Battus ce week-end par l’América après un nul face au promu San Luis à domicile, les Tigres de la UANL (Universidad Autónoma de Nuevo León) montrent en ce début de tournoi Clausura 2020 des signes inquiétants, tant sur le terrain qu’en dehors. Une fin de cycle est-elle à craindre pour le club mexicain le plus titré de la dernière décennie ?

Cinq fois champions du Mexique lors de la dernière décennie, dont quatre fois en quatre ans (mai 2015, décembre 2016, décembre 2017, mai 2019), les Tigres sont entrés dans l’histoire du football mexicain comme l’une des plus grandes équipes de tous les temps. Mais cette génération dorée, composée d’importants leaders et dirigée par le sulfureux Ricardo Ferretti âgé de soixante-cinq ans, commence à montrer des signes de faiblesse et la formule si efficace par le passé ne semble plus porter ses fruits. Les coéquipiers d’André-Pierre Gignac sont de plus en plus critiqués par leurs supporters qui s’exaspèrent de les voir proposer un football peu flamboyant, indigne de la qualité de l’effectif.

L’équipe la plus titrée de la décennie

La fin de la décennie 2010 a été l’occasion de multiples débats dans le monde du football mexicain entre les supporters des Tigres, de l’América et de Monterrey, les trois clans s’autoproclamant « equipo de la decada » (comprenez : meilleure équipe de la décennie). Pour mettre les choses au clair, un petit bilan statistique nous permet de faire une conclusion sans appel : le club des Tigres de la UANL est bien l’équipe mexicaine LA plus titrée de la décennie avec neuf trophées (contre sept pour l’América et six pour Monterrey) : cinq Liga MX donc, ce à quoi l’on peut ajouter trois Campeón de Campeones (équivalent de la Supercoupe ou du Trophée des Champions en France, NDLR) et une Coupe du Mexique.

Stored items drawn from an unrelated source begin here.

(* Let $\widehat{G}$ be a signed complete bigraph with bipartition $(X,Y)$. If $\widehat{G}$ has a signed simplicial edge, then $\widehat{G}$ is a chordal signed bigraph.
   Context: A signed graph is a finite simple graph each of whose edges is assigned a sign, positive or negative. A signed bigraph is a signed graph whose underlying graph is bipartite, with bipartition $(X,Y)$; it is a signed complete bigraph if the underlying graph is a complete bipartite graph. An induced subgraph is obtained by deleting vertices only (signs are inherited). A signed graph is positive if all its edges are positive. In a bigraph with bipartition $(X,Y)$, a subgraph $H$ is a biclique if every vertex of $V(H)\cap X$ is adjacent to every vertex of $V(H)\cap Y$. For an edge $uv$, $N(uv)=(N(u)\cup N(v))\setminus\{u,v\}$. An edge $uv$ of a signed bigraph is signed simplicial if $N(uv)$ induces a positive biclique. A signed bigraph $\widehat G$ is chordal (a chordal signed bigraph) if its edges can be ordered $e_1,\dots,e_m$ so that each $e_i$ is signed simplicial in the signed bigraph $\widehat G-\{e_1,\dots,e_{i-1}\}$ obtained by deleting these edges (but no vertices). *)

theory Defs
  imports Main
begin

(* A signed bigraph with bipartition (X,Y): finite disjoint vertex classes X, Y,
   edge set E \<subseteq> X \<times> Y (the edge {x,y} with x \<in> X, y \<in> Y is stored as the pair (x,y)),
   and a sign function sg on edges (True = positive, False = negative). *)
definition signed_bigraph :: "'a set \<Rightarrow> 'a set \<Rightarrow> ('a \<times> 'a) set \<Rightarrow> bool" where
  "signed_bigraph X Y E \<longleftrightarrow> finite X \<and> finite Y \<and> X \<inter> Y = {} \<and> E \<subseteq> X \<times> Y"

definition complete_bigraph :: "'a set \<Rightarrow> 'a set \<Rightarrow> ('a \<times> 'a) set \<Rightarrow> bool" where
  "complete_bigraph X Y E \<longleftrightarrow> E = X \<times> Y"

definition nbr :: "('a \<times> 'a) set \<Rightarrow> 'a \<Rightarrow> 'a set" where
  "nbr E v = {w. (v, w) \<in> E \<or> (w, v) \<in> E}"

definition edge_nbhd :: "('a \<times> 'a) set \<Rightarrow> 'a \<Rightarrow> 'a \<Rightarrow> 'a set" where
  "edge_nbhd E u v = (nbr E u \<union> nbr E v) - {u, v}"

definition induces_biclique :: "'a set \<Rightarrow> 'a set \<Rightarrow> ('a \<times> 'a) set \<Rightarrow> 'a set \<Rightarrow> bool" where
  "induces_biclique X Y E S \<longleftrightarrow> (\<forall>x \<in> S \<inter> X. \<forall>y \<in> S \<inter> Y. (x, y) \<in> E)"

definition induces_positive :: "('a \<times> 'a) set \<Rightarrow> ('a \<times> 'a \<Rightarrow> bool) \<Rightarrow> 'a set \<Rightarrow> bool" where
  "induces_positive E sg S \<longleftrightarrow> (\<forall>e \<in> E \<inter> (S \<times> S). sg e)"

definition signed_simplicial ::
  "'a set \<Rightarrow> 'a set \<Rightarrow> ('a \<times> 'a) set \<Rightarrow> ('a \<times> 'a \<Rightarrow> bool) \<Rightarrow> 'a \<times> 'a \<Rightarrow> bool" where
  "signed_simplicial X Y E sg e \<longleftrightarrow> e \<in> E \<and>
     induces_biclique X Y E (edge_nbhd E (fst e) (snd e)) \<and>
     induces_positive E sg (edge_nbhd E (fst e) (snd e))"

(* edges ordered e_1..e_m (a list of all edges, without repetition) such that each e_i is
   signed simplicial in the graph with e_1..e_{i-1} deleted (vertices kept, signs inherited) *)
definition chordal_signed_bigraph ::
  "'a set \<Rightarrow> 'a set \<Rightarrow> ('a \<times> 'a) set \<Rightarrow> ('a \<times> 'a \<Rightarrow> bool) \<Rightarrow> bool" where
  "chordal_signed_bigraph X Y E sg \<longleftrightarrow>
     (\<exists>es. distinct es \<and> set es = E \<and>
        (\<forall>i < length es. signed_simplicial X Y (E - set (take i es)) sg (es ! i)))"

end

(* Rank X with the simplicial edge's endpoint u first and Y with v first, and delete the edges
   of the complete bigraph in lexicographic order of their rank pairs (the order on pairs is
   that of HOL-Library.Product_Lexorder). When (a, b) is next, the remaining edges are those of
   rank at least that of (a, b), so the neighbourhood of (a, b) consists of the vertices of X
   ranked after a and those of Y ranked after b. These are still completely joined, and they
   avoid u and v, so they lie in N(uv) of the original graph, where every edge is positive. *)

theory Submission
  imports Defs "HOL-Library.Product_Lexorder"
begin

lemma in_set_drop_iff:
  "x \<in> set (drop i xs) \<longleftrightarrow> (\<exists>j. i \<le> j \<and> j < length xs \<and> xs ! j = x)"
proof
  assume "x \<in> set (drop i xs)"
  then obtain k where "k < length xs - i" and "xs ! (i + k) = x"
    by (auto simp: in_set_conv_nth)
  then show "\<exists>j. i \<le> j \<and> j < length xs \<and> xs ! j = x"
    by (intro exI[of _ "i + k"]) auto
next
  assume "\<exists>j. i \<le> j \<and> j < length xs \<and> xs ! j = x"
  then obtain j where "i \<le> j" "j < length xs" "xs ! j = x"
    by blast
  then show "x \<in> set (drop i xs)"
    using nth_mem[of "j - i" "drop i xs"] by simp
qed

lemma set_drop_strict_sorted_key:
  fixes f :: "'a \<Rightarrow> 'b::linorder"
  assumes sorted: "sorted_wrt (<) (map f xs)" and i: "i < length xs"
  shows "set (drop i xs) = {x \<in> set xs. f (xs ! i) \<le> f x}"
proof -
  have less: "f (xs ! k) < f (xs ! l)" if "k < l" "l < length xs" for k l
    using sorted_wrt_nth_less[OF sorted, of k l] that by simp
  have index_le_iff: "i \<le> j \<longleftrightarrow> f (xs ! i) \<le> f (xs ! j)" if "j < length xs" for j
    using less[of i j] less[of j i] i that by (cases i j rule: linorder_cases) auto
  show ?thesis
  proof (intro set_eqI iffI)
    fix x assume "x \<in> set (drop i xs)"
    then obtain j where "i \<le> j" "j < length xs" "xs ! j = x"
      by (auto simp: in_set_drop_iff)
    with index_le_iff show "x \<in> {x \<in> set xs. f (xs ! i) \<le> f x}"
      by auto
  next
    fix x assume "x \<in> {x \<in> set xs. f (xs ! i) \<le> f x}"
    then obtain j where "j < length xs" "xs ! j = x" "f (xs ! i) \<le> f x"
      by (auto simp: in_set_conv_nth)
    with index_le_iff show "x \<in> set (drop i xs)"
      by (auto simp: in_set_drop_iff)
  qed
qed

lemma set_diff_take_eq_set_drop:
  assumes "distinct xs"
  shows "set xs - set (take i xs) = set (drop i xs)"
proof -
  have "set xs = set (take i xs) \<union> set (drop i xs)"
    by (metis append_take_drop_id set_append)
  with set_take_disj_set_drop_if_distinct[OF assms order.refl] show ?thesis
    by blast
qed

lemma chordal_signed_bigraphI:
  fixes r :: "'a \<times> 'a \<Rightarrow> 'b::linorder"
  assumes "finite E" and "inj_on r E"
    and simplicial: "\<And>e. e \<in> E \<Longrightarrow> signed_simplicial X Y {e' \<in> E. r e \<le> r e'} sg e"
  shows "chordal_signed_bigraph X Y E sg"
proof -
  interpret folding_insort_key "(\<le>)" "(<)" E r
    by unfold_locales (fact \<open>inj_on r E\<close>)
  obtain es where sorted: "sorted_wrt (<) (map r es)" and set_es: "set es = E"
    using finite_set_strict_sorted[OF order.refl \<open>finite E\<close>] by metis
  have "distinct es"
    using sorted by (simp add: strict_sorted_iff distinct_map)
  moreover have "signed_simplicial X Y (E - set (take i es)) sg (es ! i)" if "i < length es" for i
    using simplicial[of "es ! i"] set_drop_strict_sorted_key[OF sorted that]
      set_diff_take_eq_set_drop[OF \<open>distinct es\<close>] set_es that
    by auto
  ultimately show ?thesis
    unfolding chordal_signed_bigraph_def using set_es by blast
qed

lemma edge_nbhd_complete_bigraph:
  assumes "X \<inter> Y = {}" and "u \<in> X" and "v \<in> Y"
  shows "edge_nbhd (X \<times> Y) u v = (X - {u}) \<union> (Y - {v})"
  using assms unfolding edge_nbhd_def nbr_def by auto

lemma positive_off_signed_simplicial_edge:
  assumes "X \<inter> Y = {}" and "signed_simplicial X Y (X \<times> Y) sg (u, v)"
    and "a \<in> X - {u}" and "b \<in> Y - {v}"
  shows "sg (a, b)"
  using assms edge_nbhd_complete_bigraph[OF assms(1)]
  unfolding signed_simplicial_def induces_positive_def by auto

lemma edge_nbhd_upper_edges:
  fixes X Y :: "'a set" and a b :: 'a
    and rx :: "'a \<Rightarrow> 'b::linorder" and ry :: "'a \<Rightarrow> 'c::linorder"
  defines "H \<equiv> {e' \<in> X \<times> Y. map_prod rx ry (a, b) \<le> map_prod rx ry e'}"
  assumes disjoint: "X \<inter> Y = {}" and inj: "inj_on rx X" "inj_on ry Y" and ab: "a \<in> X" "b \<in> Y"
  shows "edge_nbhd H a b \<inter> X \<subseteq> {a' \<in> X. rx a < rx a'}"
    and "edge_nbhd H a b \<inter> Y \<subseteq> {b' \<in> Y. ry b < ry b'}"
proof -
  have H: "H \<subseteq> X \<times> Y"
    unfolding H_def by blast
  show "edge_nbhd H a b \<inter> X \<subseteq> {a' \<in> X. rx a < rx a'}"
  proof
    fix a' assume a': "a' \<in> edge_nbhd H a b \<inter> X"
    then have "(a', b) \<in> H" and "a' \<noteq> a"
      using H disjoint ab unfolding edge_nbhd_def nbr_def by auto
    then have "rx a \<le> rx a'" and "rx a \<noteq> rx a'"
      using inj(1) a' ab inj_on_eq_iff unfolding H_def by fastforce+
    with a' show "a' \<in> {a' \<in> X. rx a < rx a'}"
      by simp
  qed
  show "edge_nbhd H a b \<inter> Y \<subseteq> {b' \<in> Y. ry b < ry b'}"
  proof
    fix b' assume b': "b' \<in> edge_nbhd H a b \<inter> Y"
    then have "(a, b') \<in> H" and "b' \<noteq> b"
      using H disjoint ab unfolding edge_nbhd_def nbr_def by auto
    then have "ry b \<le> ry b'" and "ry b \<noteq> ry b'"
      using inj(2) b' ab inj_on_eq_iff unfolding H_def by fastforce+
    with b' show "b' \<in> {b' \<in> Y. ry b < ry b'}"
      by simp
  qed
qed

lemma signed_simplicial_upper_edges:
  fixes X Y :: "'a set" and a b :: 'a
    and rx :: "'a \<Rightarrow> 'b::linorder" and ry :: "'a \<Rightarrow> 'c::linorder"
  defines "H \<equiv> {e' \<in> X \<times> Y. map_prod rx ry (a, b) \<le> map_prod rx ry e'}"
  assumes disjoint: "X \<inter> Y = {}" and simplicial: "signed_simplicial X Y (X \<times> Y) sg (u, v)"
    and inj: "inj_on rx X" "inj_on ry Y"
    and least: "\<forall>a'\<in>X. rx u \<le> rx a'" "\<forall>b'\<in>Y. ry v \<le> ry b'"
    and ab: "a \<in> X" "b \<in> Y"
  shows "signed_simplicial X Y H sg (a, b)"
proof -
  note nbhd = edge_nbhd_upper_edges[OF disjoint inj ab, folded H_def]
  have "induces_biclique X Y H (edge_nbhd H a b)"
    unfolding induces_biclique_def
  proof (intro ballI)
    fix a' b' assume "a' \<in> edge_nbhd H a b \<inter> X" and "b' \<in> edge_nbhd H a b \<inter> Y"
    with nbhd(1,2) show "(a', b') \<in> H"
      unfolding H_def by auto
  qed
  moreover have "induces_positive H sg (edge_nbhd H a b)"
    unfolding induces_positive_def
  proof
    fix e assume "e \<in> H \<inter> edge_nbhd H a b \<times> edge_nbhd H a b"
    then obtain a' b' where "e = (a', b')" "a' \<in> edge_nbhd H a b \<inter> X" "b' \<in> edge_nbhd H a b \<inter> Y"
      unfolding H_def by auto
    moreover from this nbhd(1,2) have "rx a < rx a'" "ry b < ry b'"
      by auto
    with ab least have "a' \<noteq> u" "b' \<noteq> v"
      by auto
    ultimately show "sg e"
      using positive_off_signed_simplicial_edge[OF disjoint simplicial] by auto
  qed
  moreover have "(a, b) \<in> H"
    unfolding H_def using ab by simp
  ultimately show ?thesis
    unfolding signed_simplicial_def by simp
qed

lemma ex_inj_on_nat_least:
  assumes "finite A"
  obtains f :: "'a \<Rightarrow> nat" where "inj_on f A" and "\<forall>a\<in>A. f u \<le> f a"
proof -
  obtain g :: "'a \<Rightarrow> nat" where "inj_on g A"
    using finite_imp_inj_to_nat_seg[OF assms] by blast
  then have "inj_on (\<lambda>a. if a = u then 0 else Suc (g a)) A"
    by (auto simp: inj_on_def)
  then show ?thesis
    using that by auto
qed

theorem lemma2p1:
  fixes X Y :: "'a set" and E :: "('a \<times> 'a) set" and sg :: "'a \<times> 'a \<Rightarrow> bool"
  assumes "signed_bigraph X Y E"
    and "complete_bigraph X Y E"
    and "\<exists>e. signed_simplicial X Y E sg e"
  shows "chordal_signed_bigraph X Y E sg"
proof -
  have finite: "finite X" "finite Y" and disjoint: "X \<inter> Y = {}" and E: "E = X \<times> Y"
    using assms(1,2) unfolding signed_bigraph_def complete_bigraph_def by auto
  obtain u v where simplicial: "signed_simplicial X Y (X \<times> Y) sg (u, v)"
    using assms(3) E by auto
  obtain rx :: "'a \<Rightarrow> nat" where rx: "inj_on rx X" "\<forall>a\<in>X. rx u \<le> rx a"
    using ex_inj_on_nat_least[OF finite(1)] by blast
  obtain ry :: "'a \<Rightarrow> nat" where ry: "inj_on ry Y" "\<forall>b\<in>Y. ry v \<le> ry b"
    using ex_inj_on_nat_least[OF finite(2)] by blast
  show ?thesis
    unfolding E
  proof (rule chordal_signed_bigraphI[where r = "map_prod rx ry"])
    show "finite (X \<times> Y)"
      using finite by simp
    show "inj_on (map_prod rx ry) (X \<times> Y)"
      using rx(1) ry(1) by (rule map_prod_inj_on)
    fix e assume "e \<in> X \<times> Y"
    then obtain a b where e: "e = (a, b)" and "a \<in> X" "b \<in> Y"
      by blast
    show "signed_simplicial X Y {e' \<in> X \<times> Y. map_prod rx ry e \<le> map_prod rx ry e'} sg e"
      unfolding e using disjoint simplicial rx(1) ry(1) rx(2) ry(2) \<open>a \<in> X\<close> \<open>b \<in> Y\<close>
      by (rule signed_simplicial_upper_edges)
  qed
qed

end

Le seul (gros) point noir de la décennie pour les félins concerne les trophées internationaux, toujours absents au palmarès de l’équipe. Les Tigres se sont même inclinés quatre fois en cinq ans en finale : d’abord en Copa Libertadores face à River Plate (2015), puis trois fois en Concacaf Champions League face à des compatriotes (2016 face à l’América, 2017 face à Pachuca, 2019 face à Monterrey).

L’évolution de l’écusson des Tigres est le meilleur témoin de leur ascension constante des années 2010. De deux étoiles intégrées dans le logo au début de la décennie, ils sont passés à sept, désormais présentes au-dessus (Crédit image : Axel Bernet)

Cette véritable razzia sur les trophées nationaux a été rendue possible par la mise en place d’un projet ambitieux, solide, bâti autour d’hommes forts. Le premier d’entre eux est sans aucun doute l’entraîneur, Ricardo « Tuca » Ferretti, âgé de soixante-cinq ans donc et actuellement dans son troisième mandat à la tête du club. Revenu à la maison en 2010, il a remis les Tigres au premier plan et a mis fin à presque trente ans d’attente en remportant le tournoi Apertura 2011, point de départ de l’époque dorée du club.

Le véritable tournant va arriver dans les années 2014 et 2015 : l’entreprise CEMEX, leader mondial dans la production de béton et propriétaire des Tigres, va donner les moyens de ses ambitions au club en recrutant plusieurs joueurs de renom qui seront des hommes clé dans la suite de l’histoire du club : Nahuel Guzmán, Edigio Arevalo Rios, Rafael Sobis, Jürgen Damm, Javier Aquino, et bien sûr André-Pierre Gignac, fraîchement auréolé du titre de meilleur buteur de Ligue 1 avec l’OM.

Avec l’affirmation des joueurs déjà présents au club, comme Hugo Ayala, « Juninho » (à ne pas confondre avec le lyonnais), ou encore Guido Pizarro, la machine est lancée. Ricardo Ferretti réussit avec brio à assembler toutes les forces pour créer une équipe dévastatrice, affamée de victoires et les Tigres entrent dans l’histoire, comme « APG » qui devient le meilleur buteur de l’histoire du club en août dernier.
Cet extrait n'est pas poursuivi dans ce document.